Biography On: Heinrich Rudolf Hertz (1857-94)

 

by Brian W. Miller

 

Associated with the University of Arizona Optical Sciences Center

 

molinero@email.arizona.edu

 

Abstract

            At the end of the 19th century, many important scientific discoveries where occurring. The theory of the existence of electromagnetic radiation had been hypothesized by James Clerk Maxwell, but it was Heinrich Rudolf Hertz who was the first to verify it.  In 1887 Heinrich Hertz transmitted and received the first radio waves.  His contribution and discovery brought about the advent of radio and television communication.

Biography

Heinrich Rudolph (Rudolf) Hertz was born Feb. 22, 1857 in Hamburg, Germany.  The 1850’s was a period of sustained economic expansion and political retrenchment in Germany [1].  Heinrich’s father, Gustav Hertz, was a prominent lawyer and his mother Anna Elisabeth was the daughter of a Frankfurt physician.  Though Gustav was of Jewish descent and raised a Lutheran “neither he nor Anna Elisabeth were concerned to raise their child in a religious atmosphere [1].”  The family focused on the children’s intellectual and moral character and it is evident that Heins’ father had great influence on his development.  Anna reflects, “At meals, the only time during the week when my husband saw the children, it was their interests that occupied us and our intimate chats made the hour dear to us [1].” 

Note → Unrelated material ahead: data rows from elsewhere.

lemma hurwitz_deriv_hurwitz_pow:
  "hurwitz_deriv (hurwitz_pow a (Suc j)) =
     (\<lambda>k. of_nat (Suc j) * hurwitz_prod (hurwitz_deriv a) (hurwitz_pow a j) k)"
proof (induction j)
  case 0
  show ?case by (simp add: hurwitz_deriv_hurwitz_prod hurwitz_deriv_one hurwitz_prod_zero_right)
next
  case (Suc j)
  have swap: "hurwitz_prod a (hurwitz_prod (hurwitz_deriv a) (hurwitz_pow a j)) =
      hurwitz_prod (hurwitz_deriv a) (hurwitz_pow a (Suc j))"
    by (simp add: hurwitz_prod_assoc hurwitz_prod_commute[of a "hurwitz_deriv a"])
  show ?case
    by (simp only: hurwitz_pow.simps(2)[of a "Suc j"] hurwitz_deriv_hurwitz_prod Suc.IH
                   hurwitz_prod_scale_right swap) (simp add: algebra_simps)
qed

lemma hurwitz_pow_eq_one:
  fixes a :: "nat \<Rightarrow> 'a::comm_ring_1"
  assumes "of_nat N = (0::'a)" and "a 0 = 1"
  shows "hurwitz_pow a N = hurwitz_one"
proof
  fix k
  show "hurwitz_pow a N k = hurwitz_one k"
  proof (cases k)
    case 0
    then show ?thesis by (simp add: hurwitz_pow_0 assms(2) hurwitz_one_def)
  next
    case (Suc k')
    moreover have "hurwitz_pow a N (Suc k') = 0"
      using hurwitz_deriv_hurwitz_pow[of a "N - 1"] assms(1)
      by (cases N) (simp_all add: hurwitz_deriv_def fun_eq_iff hurwitz_one_def)
    ultimately show ?thesis by (simp add: hurwitz_one_def)
  qed
qed

section \<open>The truncated unit group\<close>

definition hurwitz_trunc :: "nat \<Rightarrow> (nat \<Rightarrow> 'a::zero) \<Rightarrow> nat \<Rightarrow> 'a" where
  "hurwitz_trunc n x = (\<lambda>k. if k < n then x k else 0)"

lemma hurwitz_trunc_apply: "hurwitz_trunc n x k = (if k < n then x k else 0)"
  by (simp add: hurwitz_trunc_def)

lemma hurwitz_prod_fin_eq_trunc: "hurwitz_prod_fin n a b = hurwitz_trunc n (hurwitz_prod a b)"
  by (simp add: hurwitz_prod_fin_def hurwitz_trunc_def)
lemma tendsto_prob_good_property:
  fixes p :: "nat \<Rightarrow> real" and \<epsilon> \<rho> r D :: real and N :: nat
  assumes p: "\<And>n. 0 \<le> p n \<and> p n \<le> 1" and lim: "filterlim (\<lambda>n. p n * sqrt (real n)) at_top sequentially"
    and \<epsilon>: "0 < \<epsilon>" and r: "0 \<le> r" "3 * r \<le> \<rho>" "r \<le> 1"
    and N: "N > 0" "8 \<le> \<epsilon> * N" and D: "0 \<le> D"
    and tail: "2 * exp (- (r\<^sup>2 * ((1 - r) * D) / 4)) \<le> (1/8) ^ N"
  shows "(\<lambda>n. measure_pmf.prob (gnp n (p n)) {E. good_property n (p n) \<epsilon> \<rho> D E}) \<longlonglongrightarrow> 1"
proof -
  have "eventually (\<lambda>n. 0 < p n \<and> 4 * ln 2 / \<epsilon> \<le> p n * real n) sequentially"
    using p lim by (intro eventually_pos_and_times_n_ge) auto
  then have lower: "eventually (\<lambda>n. 1 - 2 * (1/2) ^ n \<le>
      measure_pmf.prob (gnp n (p n)) {E. good_property n (p n) \<epsilon> \<rho> D E}) sequentially"
  proof eventually_elim
    case (elim n)
    then have "2 ^ n * exp (- (\<epsilon> * (real n)\<^sup>2 * p n / 2)) \<le> (1/2) ^ n"
      using \<epsilon> by (intro two_power_mult_exp_le) auto
    moreover have "1 - ((1/2) ^ n + 2 ^ n * exp (- (\<epsilon> * (real n)\<^sup>2 * p n / 2)))
         \<le> measure_pmf.prob (gnp n (p n)) {E. good_property n (p n) \<epsilon> \<rho> D E}"
      using elim p[of n] by (intro prob_good_property_ge[OF _ _ r N D tail]) auto
    ultimately show ?case by simp
  qed
  have "(\<lambda>n. 1 - 2 * (1/2::real) ^ n) \<longlonglongrightarrow> 1"
    by (auto intro!: tendsto_eq_intros LIMSEQ_power_zero)
  from tendsto_sandwich[OF lower _ this tendsto_const]
  show ?thesis by (simp add: measure_pmf.prob_le_1)
qed

theorem proposition4p4:
  fixes p :: "nat \<Rightarrow> real"
  assumes "\<And>n. 0 \<le> p n \<and> p n \<le> 1"
    and "filterlim (\<lambda>n. p n * sqrt (real n)) at_top sequentially"
  shows "\<forall>\<epsilon>>0. \<forall>\<rho>>0. \<exists>D>0.
           (\<lambda>n. measure_pmf.prob (gnp n (p n)) {E. good_property n (p n) \<epsilon> \<rho> D E})
             \<longlonglongrightarrow> 1"
proof (intro allI impI)
  fix \<epsilon> \<rho> :: real assume \<epsilon>: "0 < \<epsilon>" and \<rho>: "0 < \<rho>"
  define r where "r = min \<rho> 1 / 3"
  have "0 < r" "r < 1" "3 * r \<le> \<rho>" using \<rho> by (auto simp: r_def)
  then have r: "0 \<le> r" "3 * r \<le> \<rho>" "r \<le> 1" and c: "0 < r\<^sup>2 * (1 - r) / 4" by auto
  obtain N :: nat where "8 / \<epsilon> < N" using reals_Archimedean2 by blast
  then have N: "N > 0" "8 \<le> \<epsilon> * N"
    using \<epsilon> by (auto simp: field_simps intro: gr0I)
  obtain D where "D > 0" and "2 * exp (- (r\<^sup>2 * (1 - r) / 4 * D)) \<le> (1/8) ^ N"
    using exists_exp_tail_le[OF c, of "(1/8) ^ N"] by auto
  moreover from this have "2 * exp (- (r\<^sup>2 * ((1 - r) * D) / 4)) \<le> (1/8) ^ N"
    by (simp add: algebra_simps)
  ultimately show "\<exists>D>0. (\<lambda>n. measure_pmf.prob (gnp n (p n)) {E. good_property n (p n) \<epsilon> \<rho> D E}) \<longlonglongrightarrow> 1"
    using assms \<epsilon> r N by (intro exI[of _ D] conjI tendsto_prob_good_property) auto
qed

end
(* Let $(\mathcal{O},g,f)$ be an oriented matroid program with $\mathcal{O}$ of rank $r\ge 3$, and let $(C,X,Y)$ be a modular triple of cocircuits such that $z(C\circ X\circ Y)$ is a flat of rank $r-3$ of $\mathcal{M}(\mathcal{O})$, with $C_g=X_g=Y_g=+$. Let $e\in\operatorname{supp}(C)$ with $(X\circ Y)_e=0$. Let $X^1$ be obtained by cocircuit elimination of $g$ between $-X$ and $C$, and $Y^1$ by cocircuit elimination of $g$ between $-Y$ and $C$. Then $X^1\circ Y^1$ is an edge, and $X\to_{g,f}Y \iff Y^1\to_{e,f}X^1 \iff -X^1\to_{e,f}-Y^1.$
   Context: Oriented matroid $\mathcal{O}$ of rank $r$ on finite $E$, given by its cocircuits (sign vectors in $\{+,-,0\}^E$), underlying matroid $\mathcal{M}(\mathcal{O})$. Notation: $\operatorname{supp}(X)$, $z(X)=E\setminus\operatorname{supp}(X)$, $\operatorname{sep}(X,Y)=\{e:X_e=-Y_e\ne0\}$, $(X\circ Y)_e=X_e$ if $X_e\ne0$, else $Y_e$. An edge is a covector whose zero set is a flat of rank $r-2$; cocircuits $X\ne\pm Y$ are comodular if $X\circ Y$ is an edge. A modular triple of cocircuits $(C,X,Y)$ is one in which each of the three pairs is comodular. For comodular $X,Y$ and $e\in\operatorname{sep}(X,Y)$, cocircuit elimination of $e$ between $X$ and $Y$ yields the unique cocircuit $Z$ with $Z_e=0$ and $Z_h=(X\circ Y)_h$ for $h\notin\operatorname{sep}(X,Y)$. An oriented matroid program $(\mathcal{O},g,f)$: $g\neq f\in E$, $g$ not a loop, $f$ not a coloop. For distinct $a,b\in E$ and comodular $X,Y$ with $X_a=Y_a\ne0$, let $Z$ be obtained by eliminating $a$ between $-X$ and $Y$; write $X\to_{a,b}Y$ if $Z_b=+$, $X\leftarrow_{a,b}Y$ if $Z_b=-$, $X\leftrightarrow_{a,b}Y$ if $Z_b=0$. *)

theory Defs
  imports Main
begin

datatype sign = Neg | Zer | Pos

fun sneg :: "sign \<Rightarrow> sign" where
  "sneg Neg = Pos" | "sneg Zer = Zer" | "sneg Pos = Neg"

type_synonym 'a svec = "'a \<Rightarrow> sign"

definition zerovec :: "'a svec" where "zerovec = (\<lambda>_. Zer)"

definition vneg :: "'a svec \<Rightarrow> 'a svec" where "vneg X = (\<lambda>e. sneg (X e))"

definition supp :: "'a svec \<Rightarrow> 'a set" where "supp X = {e. X e \<noteq> Zer}"

definition zset :: "'a set \<Rightarrow> 'a svec \<Rightarrow> 'a set" where "zset E X = E - supp X"

definition sep :: "'a svec \<Rightarrow> 'a svec \<Rightarrow> 'a set" where
  "sep X Y = {e. X e \<noteq> Zer \<and> Y e = sneg (X e)}"

definition comp :: "'a svec \<Rightarrow> 'a svec \<Rightarrow> 'a svec" where
  "comp X Y = (\<lambda>e. if X e \<noteq> Zer then X e else Y e)"

definition oriented_matroid :: "'a set \<Rightarrow> 'a svec set \<Rightarrow> bool" where
  "oriented_matroid E CC \<longleftrightarrow>
     finite E \<and>
     (\<forall>X\<in>CC. supp X \<subseteq> E) \<and>
     zerovec \<notin> CC \<and>
     (\<forall>X\<in>CC. vneg X \<in> CC) \<and>
     (\<forall>X\<in>CC. \<forall>Y\<in>CC. supp X \<subseteq> supp Y \<longrightarrow> X = Y \<or> X = vneg Y) \<and>
     (\<forall>X\<in>CC. \<forall>Y\<in>CC. \<forall>e\<in>sep X Y. X \<noteq> vneg Y \<longrightarrow>
        (\<exists>Z\<in>CC. Z e = Zer \<and>
           (\<forall>h. Z h = Pos \<longrightarrow> X h = Pos \<or> Y h = Pos) \<and>
           (\<forall>h. Z h = Neg \<longrightarrow> X h = Neg \<or> Y h = Neg)))"

inductive covector :: "'a svec set \<Rightarrow> 'a svec \<Rightarrow> bool" for CC where
  covector_zero: "covector CC zerovec"
| covector_comp: "X \<in> CC \<Longrightarrow> covector CC V \<Longrightarrow> covector CC (comp X V)"

text \<open>Hyperplanes of M(O) are the complements of the cocircuit supports; flats are
  intersections of (families of) hyperplanes, the empty intersection being E.\<close>
definition hyperplanes :: "'a set \<Rightarrow> 'a svec set \<Rightarrow> 'a set set" where
  "hyperplanes E CC = zset E ` CC"

definition flats :: "'a set \<Rightarrow> 'a svec set \<Rightarrow> 'a set set" where
  "flats E CC = {E \<inter> \<Inter>H | H. H \<subseteq> hyperplanes E CC}"

text \<open>Rank of a flat F = height of F in the lattice of flats, i.e. the maximal length
  of a strictly increasing chain of flats ending in F.\<close>
definition flat_rank :: "'a set \<Rightarrow> 'a svec set \<Rightarrow> 'a set \<Rightarrow> nat" where
  "flat_rank E CC F = Max {length L - 1 | L. L \<noteq> [] \<and> set L \<subseteq> flats E CC \<and>
                              sorted_wrt (\<subset>) L \<and> last L = F}"

definition om_rank :: "'a set \<Rightarrow> 'a svec set \<Rightarrow> nat" where
  "om_rank E CC = flat_rank E CC E"

definition is_flat_of_rank :: "'a set \<Rightarrow> 'a svec set \<Rightarrow> 'a set \<Rightarrow> nat \<Rightarrow> bool" where
  "is_flat_of_rank E CC F k \<longleftrightarrow> F \<in> flats E CC \<and> flat_rank E CC F = k"

definition is_edge :: "'a set \<Rightarrow> 'a svec set \<Rightarrow> 'a svec \<Rightarrow> bool" where
  "is_edge E CC V \<longleftrightarrow> covector CC V \<and> is_flat_of_rank E CC (zset E V) (om_rank E CC - 2)"
(* Let $a\in(0,1)$, $p\in(0,1)$, and let $X=(X_t)_{t\ge0}$ be a stationary Markov chain generated by the copula $C(u,v)=a\min(u,v)+(1-a)\max(u+v-1,0)$ and Bernoulli($p$) marginal distribution. Then $X$ is exponentially $\psi$-mixing, i.e. there exist constants $K<\infty$ and $r\in[0,1)$ with $\psi(n)\le K r^n$ for all $n$; consequently $X$ is also exponentially $\phi$-, $\rho$-, $\beta$- and $\alpha$-mixing.
   Context: A stationary Markov chain $(X_t)$ is generated by a copula $C$ and a marginal cdf $F$ if each $X_t$ has cdf $F$ and $P(X_t\le x,X_{t+1}\le y)=C(F(x),F(y))$ for all $x,y$; Bernoulli($p$) means $P(X_t=1)=p=1-P(X_t=0)$. For the stationary Markov chain, the mixing coefficients at lag $n$ are defined with respect to $X_0$ and $X_n$: $\psi(n)=\sup\left|\frac{P(X_0\in A,X_n\in B)}{P(X_0\in A)P(X_n\in B)}-1\right|$ over events $A,B$ with $P(X_0\in A)>0$, $P(X_n\in B)>0$, and $\phi(n)=\sup\left|\frac{P(X_0\in A,X_n\in B)}{P(X_0\in A)}-P(X_n\in B)\right|$ over $A,B$ with $P(X_0\in A)>0$. The chain is $\psi$-mixing (resp. $\phi$-mixing) if $\psi(n)\to0$ (resp. $\phi(n)\to0$) as $n\to\infty$; $\rho$-, $\beta$-, $\alpha$-mixing are the standard notions (maximal correlation, absolute regularity, strong mixing). *)

theory Defs
  imports "HOL-Probability.Probability"
begin

definition pv :: "'a measure \<Rightarrow> ('a \<Rightarrow> real) \<Rightarrow> real set \<Rightarrow> real" where
  "pv M Y A = measure M (Y -` A \<inter> space M)"

definition pv2 :: "'a measure \<Rightarrow> ('a \<Rightarrow> real) \<Rightarrow> real set \<Rightarrow> ('a \<Rightarrow> real) \<Rightarrow> real set \<Rightarrow> real" where
  "pv2 M Y A Z B = measure M (Y -` A \<inter> Z -` B \<inter> space M)"

definition mix_copula :: "real \<Rightarrow> real \<Rightarrow> real \<Rightarrow> real" where
  "mix_copula a u v = a * min u v + (1 - a) * max (u + v - 1) 0"

definition bernoulli_cdf :: "real \<Rightarrow> real \<Rightarrow> real" where
  "bernoulli_cdf p x = (if x < 0 then 0 else if x < 1 then 1 - p else 1)"

text \<open>(X_t) is a (discrete-state) Markov chain: the conditional law of X_{t+1} given
  X_0,...,X_t equals that given X_t, written in product form (no division by zero).\<close>
definition markov_chain :: "'a measure \<Rightarrow> (nat \<Rightarrow> 'a \<Rightarrow> real) \<Rightarrow> bool" where
  "markov_chain M X \<longleftrightarrow>
     (\<forall>t (x :: nat \<Rightarrow> real).
        measure M {\<omega> \<in> space M. \<forall>i\<le>Suc t. X i \<omega> = x i} * measure M {\<omega> \<in> space M. X t \<omega> = x t}
      = measure M {\<omega> \<in> space M. \<forall>i\<le>t. X i \<omega> = x i}
        * measure M {\<omega> \<in> space M. X t \<omega> = x t \<and> X (Suc t) \<omega> = x (Suc t)})"

definition copula_markov_chain ::
  "'a measure \<Rightarrow> (nat \<Rightarrow> 'a \<Rightarrow> real) \<Rightarrow> (real \<Rightarrow> real \<Rightarrow> real) \<Rightarrow> (real \<Rightarrow> real) \<Rightarrow> bool" where
  "copula_markov_chain M X C F \<longleftrightarrow>
     prob_space M \<and> (\<forall>t. X t \<in> borel_measurable M) \<and> markov_chain M X \<and>
     (\<forall>t x. pv M (X t) {..x} = F x) \<and>
     (\<forall>t x y. pv2 M (X t) {..x} (X (Suc t)) {..y} = C (F x) (F y))"

text \<open>Mixing coefficients at lag n, with respect to X_0 and X_n (values in ereal,
  so that an unbounded supremum is \<infinity>).\<close>

definition psi_mix :: "'a measure \<Rightarrow> (nat \<Rightarrow> 'a \<Rightarrow> real) \<Rightarrow> nat \<Rightarrow> ereal" where
  "psi_mix M X n =
    (SUP (A, B) \<in> {(A, B). A \<in> sets borel \<and> B \<in> sets borel \<and>
                          pv M (X 0) A > 0 \<and> pv M (X n) B > 0}.
       ereal \<bar>pv2 M (X 0) A (X n) B / (pv M (X 0) A * pv M (X n) B) - 1\<bar>)"

definition phi_mix :: "'a measure \<Rightarrow> (nat \<Rightarrow> 'a \<Rightarrow> real) \<Rightarrow> nat \<Rightarrow> ereal" where
  "phi_mix M X n =
    (SUP (A, B) \<in> {(A, B). A \<in> sets borel \<and> B \<in> sets borel \<and> pv M (X 0) A > 0}.
       ereal \<bar>pv2 M (X 0) A (X n) B / pv M (X 0) A - pv M (X n) B\<bar>)"

definition alpha_mix :: "'a measure \<Rightarrow> (nat \<Rightarrow> 'a \<Rightarrow> real) \<Rightarrow> nat \<Rightarrow> ereal" where
  "alpha_mix M X n =
    (SUP (A, B) \<in> {(A, B). A \<in> sets borel \<and> B \<in> sets borel}.
       ereal \<bar>pv2 M (X 0) A (X n) B - pv M (X 0) A * pv M (X n) B\<bar>)"

definition beta_mix :: "'a measure \<Rightarrow> (nat \<Rightarrow> 'a \<Rightarrow> real) \<Rightarrow> nat \<Rightarrow> ereal" where
  "beta_mix M X n =
    (SUP (k, A, l, B) \<in> {(k :: nat, A :: nat \<Rightarrow> real set, l :: nat, B :: nat \<Rightarrow> real set). (\<forall>i<k. A i \<in> sets borel) \<and> disjoint_family_on A {..<k}
                                     \<and> (\<Union>i<k. A i) = UNIV \<and>
                                     (\<forall>j<l. B j \<in> sets borel) \<and> disjoint_family_on B {..<l}
                                     \<and> (\<Union>j<l. B j) = UNIV}.
       ereal ((1/2) * (\<Sum>i<k. \<Sum>j<l.
           \<bar>pv2 M (X 0) (A i) (X n) (B j) - pv M (X 0) (A i) * pv M (X n) (B j)\<bar>)))"

definition rho_mix :: "'a measure \<Rightarrow> (nat \<Rightarrow> 'a \<Rightarrow> real) \<Rightarrow> nat \<Rightarrow> ereal" where
  "rho_mix M X n =
    (SUP (f, g) \<in> {(f, g). f \<in> borel_measurable borel \<and> g \<in> borel_measurable borel \<and>
                    integrable M (\<lambda>\<omega>. (f (X 0 \<omega>))\<^sup>2) \<and> integrable M (\<lambda>\<omega>. (g (X n \<omega>))\<^sup>2) \<and>
                    (LINT \<omega>|M. (f (X 0 \<omega>) - (LINT \<eta>|M. f (X 0 \<eta>)))\<^sup>2) > 0 \<and>
                    (LINT \<omega>|M. (g (X n \<omega>) - (LINT \<eta>|M. g (X n \<eta>)))\<^sup>2) > 0}.
       ereal \<bar>(LINT \<omega>|M. (f (X 0 \<omega>) - (LINT \<eta>|M. f (X 0 \<eta>))) * (g (X n \<omega>) - (LINT \<eta>|M. g (X n \<eta>))))
              / sqrt ((LINT \<omega>|M. (f (X 0 \<omega>) - (LINT \<eta>|M. f (X 0 \<eta>)))\<^sup>2)
                      * (LINT \<omega>|M. (g (X n \<omega>) - (LINT \<eta>|M. g (X n \<eta>)))\<^sup>2))\<bar>)"

definition exp_decay :: "(nat \<Rightarrow> ereal) \<Rightarrow> bool" where
  "exp_decay c \<longleftrightarrow> (\<exists>K r::real. 0 \<le> r \<and> r < 1 \<and> (\<forall>n. c n \<le> ereal (K * r ^ n)))"

end

theory Submission
  imports Defs
begin

(* Almost surely the chain takes values in {0, 1}, so it is a stationary two-state Markov chain
   whose transition matrix has eigenvalues 1 and lambda = (c - q^2) / (p q), where q = 1 - p and
   c = C(q, q) = P(X_t = 0, X_{t+1} = 0). Summing the Markov property over paths gives
   P(X_0 = 0, X_{n+1} = 0) - q^2 = lambda (P(X_0 = 0, X_n = 0) - q^2), hence for Borel A and B
     P(X_0 in A, X_n in B) - P(X_0 in A) P(X_n in B) = lambda^n p q (1_A(0) - 1_A(1)) (1_B(0) - 1_B(1)),
   which bounds every mixing coefficient at lag n by a constant times |lambda|^n.
   For C = a M + (1 - a) W one gets lambda = a * 1 + (1 - a) * (- min(p, q) / max(p, q)), a convex
   combination of the eigenvalues of the comonotone and the countermonotone chain, so |lambda| < 1. *)

context prob_space
begin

At an early age Heinrich demonstrated an eager desire to learn.  His mother describes the shaping of Hein’s during the ages fifteen through seventeen:   “When he sat with his books nothing could disturb him nor draw him away from them.  His desk stood in a room through which I often had to pass, but I always saw him bent over his books in the same way, deep in his work.  We never exchanged a word.  At 12:30 we both had lunch with our little Otto [his youngest brother].  Half an hour’s play with the little boy was his only relaxation.  Then he studied afresh, mostly until dinner time at 5 o’clock [1].”

As Hertz continued his education, it is evident that he went through a process of discovering where his true interests lay.  Heinrich studied engineering mathematics at the Polytechic at Dresden from 1875-1876, military at Imperial Berlin from 1876-1877, and finally physics at the Polytechnic in Munich [1].  In Dresden, Heinrich discovered a captivation for mathematics and described it as “sometimes marvelous things come in view that makes one’s head swim [1].”  Buchwald informs us that within a month he had decided that engineering was not for him and he decided to enroll at the university.  The change in major required the permission of his parents and he expresses his desire in a letter to them:

“I  cannot understand why I didn’t not realize it before now,  for even in coming here it was with the best intention of studying mathematics and the natural sciences and with not thought at all about surveying, building construction, builders’ materials, etc., which were supposed to be my main subject.  I would rather be an important scientist than an important engineer, but rather an unimportant engineer than an unimportant scientist; yet now, as I stand on the brink, I think that what Schiller said is also true:  ‘And if you don’t dare to stake your life, you can never hope to with the strife,’ and that too much caution would be folly [1].”  Heinrich was willing “stake” his life in the pursuit of physics

It is readily seen that Heinrich Hertz was fascinated with the sciences and his zeal to understand would lead him to one of the most important discovers of the 19th century. 

Heinrich continued his studies at the University of Berlin and received his Doctor of Philosophy degree magna cum laude.  During this time Heinrich was an assistant to Hermann von Helmholtz [2].  Helmholtz had done work in mathematical physics and acoustics and was interested in musical theory and the perception of sound [3].  In 1883 Hertz became a lecturer in theoretical physics at the University of Kiel and was later appointed professor of physics at Karlsruhe Polytechic [2].  Shortly thereafter in 1886, Heinrich married Elizabeth Doll became the father of two daughters.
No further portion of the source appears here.